UK-based interactive gaming company NetPlay TV has reported that despite its level of marketing expenditure, it was not able to achieve the targeted levels of revenue and new customers expected during the third quarter.
The firm posted revenue of £6.4 million ($10.3 million/€8 million) in the third quarter, which represents only a slight loss of the £6.5 million generated in the corresponding period last year.
NetPlay TV also reported a 21% year-on-year increase in new depositing players from 15,566 in Q3 of 2013 to 18,853 this year.
In addition, the firm saw the number of active depositing players increase by 22% from 28,890 to 35,225.
Despite the gains in customers, NetPlay TV said that the levels achieved in the third quarter were not as high as it had hoped.
In a statement, NetPlay TV said: “The group’s interim results referred to the widely reported unsustainable level of marketing activity throughout the gaming industry driven by the impending Point of Consumption (PoC) tax a trend that has continued into this quarter.
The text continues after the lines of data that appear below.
inductive equiv :: "trm \<Rightarrow> trm \<Rightarrow> bool" where
  join: "reds L N \<Longrightarrow> reds M N \<Longrightarrow> equiv L M"
| eta1: "reds L (Lam A L') \<Longrightarrow> reds M M' \<Longrightarrow> finite S \<Longrightarrow>
         (\<And>x. x \<notin> S \<Longrightarrow> equiv (opn L' (FVar x)) (App M' (FVar x))) \<Longrightarrow> equiv L M"
| eta2: "reds L L' \<Longrightarrow> reds M (Lam A M') \<Longrightarrow> finite S \<Longrightarrow>
         (\<And>x. x \<notin> S \<Longrightarrow> equiv (App L' (FVar x)) (opn M' (FVar x))) \<Longrightarrow> equiv L M"

text \<open>Contexts: the list \<open>\<Gamma> @ [(x, A)]\<close> is \<open>\<Gamma>, x:A\<close>.\<close>
type_synonym ctx = "(name \<times> trm) list"

definition cdom :: "ctx \<Rightarrow> name set" where
  "cdom \<Gamma> = fst ` set \<Gamma>"

inductive wf_ctx :: "ctx \<Rightarrow> bool"
  and typing :: "ctx \<Rightarrow> trm \<Rightarrow> trm \<Rightarrow> bool" where
  wf_nil: "wf_ctx []"
| wf_cons: "wf_ctx \<Gamma> \<Longrightarrow> typing \<Gamma> A (Univ i) \<Longrightarrow> x \<notin> cdom \<Gamma> \<Longrightarrow> wf_ctx (\<Gamma> @ [(x, A)])"
| t_var: "wf_ctx \<Gamma> \<Longrightarrow> (x, A) \<in> set \<Gamma> \<Longrightarrow> typing \<Gamma> (FVar x) A"
| t_univ: "wf_ctx \<Gamma> \<Longrightarrow> typing \<Gamma> (Univ i) (Univ (Suc i))"
| t_pi: "typing \<Gamma> A (Univ i) \<Longrightarrow> finite S \<Longrightarrow>
         (\<And>x. x \<notin> S \<Longrightarrow> typing (\<Gamma> @ [(x, A)]) (opn B (FVar x)) (Univ j)) \<Longrightarrow>
         typing \<Gamma> (Pi A B) (Univ (max i j))"
| t_app: "typing \<Gamma> M (Pi A B) \<Longrightarrow> typing \<Gamma> N A \<Longrightarrow> typing \<Gamma> (App M N) (opn B N)"
| t_lam: "finite S \<Longrightarrow>
         (\<And>x. x \<notin> S \<Longrightarrow> typing (\<Gamma> @ [(x, A)]) (opn M (FVar x)) (opn B (FVar x))) \<Longrightarrow>
         typing \<Gamma> (Lam A M) (Pi A B)"
| t_conv: "typing \<Gamma> M A \<Longrightarrow> typing \<Gamma> B (Univ i) \<Longrightarrow> equiv A B \<Longrightarrow> typing \<Gamma> M B"

definition cunion :: "ctx \<Rightarrow> ctx \<Rightarrow> ctx" where
  "cunion \<Gamma>1 \<Gamma>2 = \<Gamma>1 @ filter (\<lambda>e. e \<notin> set \<Gamma>1) \<Gamma>2"

text \<open>\<open>fvc_aux n \<Gamma> S\<close>: the free-variable context generated by the variables \<open>S\<close> in \<open>\<Gamma>\<close>,
  i.e. \<open>FV(A_1) \<union> ... \<union> FV(A_n) \<union> (x_1:A_1,...,x_n:A_n)\<close> where \<open>x_1,...,x_n\<close> are the
  declared variables of \<open>\<Gamma>\<close> lying in \<open>S\<close>, listed in their order in \<open>\<Gamma>\<close>.
  The type \<open>A_k\<close> of \<open>x_k\<close> is typed (by a universe, which has no free variables) in the
  prefix of \<open>\<Gamma>\<close> preceding \<open>x_k\<close>, so the recursion is on that prefix.
  \<open>n\<close> is fuel; \<open>n = length \<Gamma>\<close> suffices.\<close>
primrec fvc_aux :: "nat \<Rightarrow> ctx \<Rightarrow> name set \<Rightarrow> ctx" where
  "fvc_aux 0 \<Gamma> S = []"
| "fvc_aux (Suc n) \<Gamma> S =
     (let idx = filter (\<lambda>i. fst (\<Gamma> ! i) \<in> S) [0..<length \<Gamma>]
      in cunion (foldl cunion [] (map (\<lambda>i. fvc_aux n (take i \<Gamma>) (fv (snd (\<Gamma> ! i)))) idx))
                (map (\<lambda>i. \<Gamma> ! i) idx))"

definition fvc :: "ctx \<Rightarrow> name set \<Rightarrow> ctx" where
  "fvc \<Gamma> S = fvc_aux (length \<Gamma>) \<Gamma> S"

text \<open>\<open>FV(M)\<close> for a derivation of \<open>\<Gamma> \<turnstile> M : A\<close>: generated by the free variables of M and A.\<close>
definition FV :: "ctx \<Rightarrow> trm \<Rightarrow> trm \<Rightarrow> ctx" where
  "FV \<Gamma> M A = fvc \<Gamma> (fv M \<union> fv A)"

end

theory Submission
  imports Defs "HOL-Library.Confluence"
begin

text \<open>
  The core of the argument is strengthening: if \<open>\<Delta>\<close> is a well-formed sub-list of \<open>\<Gamma>\<close> that
  declares the free variables of \<open>M\<close>, then \<open>\<Gamma> \<turnstile> M : A\<close> gives \<open>\<Delta> \<turnstile> M : A'\<close> for some reduct
  \<open>A'\<close> of \<open>A\<close>; if \<open>\<Delta>\<close> also declares the free variables of \<open>A\<close>, then \<open>A\<close> is a type in \<open>\<Delta>\<close> and
  conversion gives back \<open>\<Delta> \<turnstile> M : A\<close>. The induction needs conversion to be transitive and
  injective on \<open>\<Pi>\<close>, so it is carried out for conversion as joinability, which is transitive by
  Church-Rosser (via parallel reduction); this changes nothing, because the eta clauses of the
  equivalence never relate types: by subject reduction no type reduces to a \<open>\<lambda>\<close>.

  \<open>FV(M)\<close> is such a \<open>\<Delta>\<close>: its entries are entries of \<open>\<Gamma>\<close>, and with every variable it contains the
  free variables of the variable's type, declared before it, so it is well formed.
\<close>

section \<open>Locally nameless infrastructure\<close>

primrec lc_at :: "nat \<Rightarrow> trm \<Rightarrow> bool" where
  "lc_at k (BVar i) = (i < k)"
| "lc_at k (FVar x) = True"
| "lc_at k (Univ i) = True"
| "lc_at k (Pi A B) = (lc_at k A \<and> lc_at (Suc k) B)"
| "lc_at k (App L M) = (lc_at k L \<and> lc_at k M)"
| "lc_at k (Lam A M) = (lc_at k A \<and> lc_at (Suc k) M)"

abbreviation lc :: "trm \<Rightarrow> bool" where
  "lc t \<equiv> lc_at 0 t"

primrec subst :: "name \<Rightarrow> trm \<Rightarrow> trm \<Rightarrow> trm" where
  "subst x u (BVar i) = BVar i"
| "subst x u (FVar y) = (if y = x then u else FVar y)"
| "subst x u (Univ i) = Univ i"
| "subst x u (Pi A B) = Pi (subst x u A) (subst x u B)"
| "subst x u (App L M) = App (subst x u L) (subst x u M)"
| "subst x u (Lam A M) = Lam (subst x u A) (subst x u M)"

primrec close_rec :: "nat \<Rightarrow> name \<Rightarrow> trm \<Rightarrow> trm" where
  "close_rec k x (BVar i) = BVar i"
| "close_rec k x (FVar y) = (if y = x then BVar k else FVar y)"
| "close_rec k x (Univ i) = Univ i"
| "close_rec k x (Pi A B) = Pi (close_rec k x A) (close_rec (Suc k) x B)"
| "close_rec k x (App L M) = App (close_rec k x L) (close_rec k x M)"
| "close_rec k x (Lam A M) = Lam (close_rec k x A) (close_rec (Suc k) x M)"

definition cls :: "name \<Rightarrow> trm \<Rightarrow> trm" where
  "cls x t = close_rec 0 x t"

lemma finite_fv [simp]: "finite (fv t)"
  by (induction t) auto

lemma obtain_fresh:
  assumes "finite S"
  obtains x :: name where "x \<notin> S"
  using assms ex_new_if_finite infinite_UNIV_nat by blast

lemma lc_at_mono: "lc_at k t \<Longrightarrow> k \<le> j \<Longrightarrow> lc_at j t"
  by (induction t arbitrary: k j) force+

lemma open_rec_lc: "lc_at k t \<Longrightarrow> k \<le> j \<Longrightarrow> open_rec j u t = t"
  by (induction t arbitrary: k j) force+

lemma opn_Univ [simp]: "opn (Univ j) u = Univ j"
  by (simp add: opn_def)

lemma lc_opn: "lc_at (Suc 0) t \<Longrightarrow> lc u \<Longrightarrow> lc (opn t u)"
proof -
  have "lc_at (Suc k) t \<Longrightarrow> lc u \<Longrightarrow> lc_at k (open_rec k u t)" for k
    by (induction t arbitrary: k) (auto intro: lc_at_mono)
  then show "lc_at (Suc 0) t \<Longrightarrow> lc u \<Longrightarrow> lc (opn t u)"
    by (simp add: opn_def)
qed

lemma lc_opn_body: "lc (opn t u) \<Longrightarrow> lc_at (Suc 0) t"
proof -
  have "lc_at k (open_rec k u t) \<Longrightarrow> lc_at (Suc k) t" for k
    by (induction t arbitrary: k) (auto split: if_splits)
  then show "lc (opn t u) \<Longrightarrow> lc_at (Suc 0) t"
    by (simp add: opn_def)
qed

lemma fv_opn_subset: "fv (opn t u) \<subseteq> fv t \<union> fv u"
proof -
  have "fv (open_rec k u t) \<subseteq> fv t \<union> fv u" for k
    by (induction t arbitrary: k) auto
  then show ?thesis
    by (simp add: opn_def)
qed

lemma fv_subset_opn: "fv t \<subseteq> fv (opn t u)"
proof -
  have "fv t \<subseteq> fv (open_rec k u t)" for k
    by (induction t arbitrary: k) auto
  then show ?thesis
    by (simp add: opn_def)
qed

lemma subst_fresh: "x \<notin> fv t \<Longrightarrow> subst x u t = t"
  by (induction t) auto

lemma subst_rename_back: "y \<notin> fv t \<Longrightarrow> subst y (FVar x) (subst x (FVar y) t) = t"
  by (induction t) auto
“Despite the group’s level of marketing spend, it has not achieved the targeted levels of new customers and net revenue expected from this spend.
“This situation combined with the current trading environment, and the initiation of PoC means that the board expects current market expectations to be materially lower than forecast.
“Management has conducted a thorough review of its marketing activity and has developed a new strategy designed to deliver improved returns through more cost effective and better targeted marketing spend.”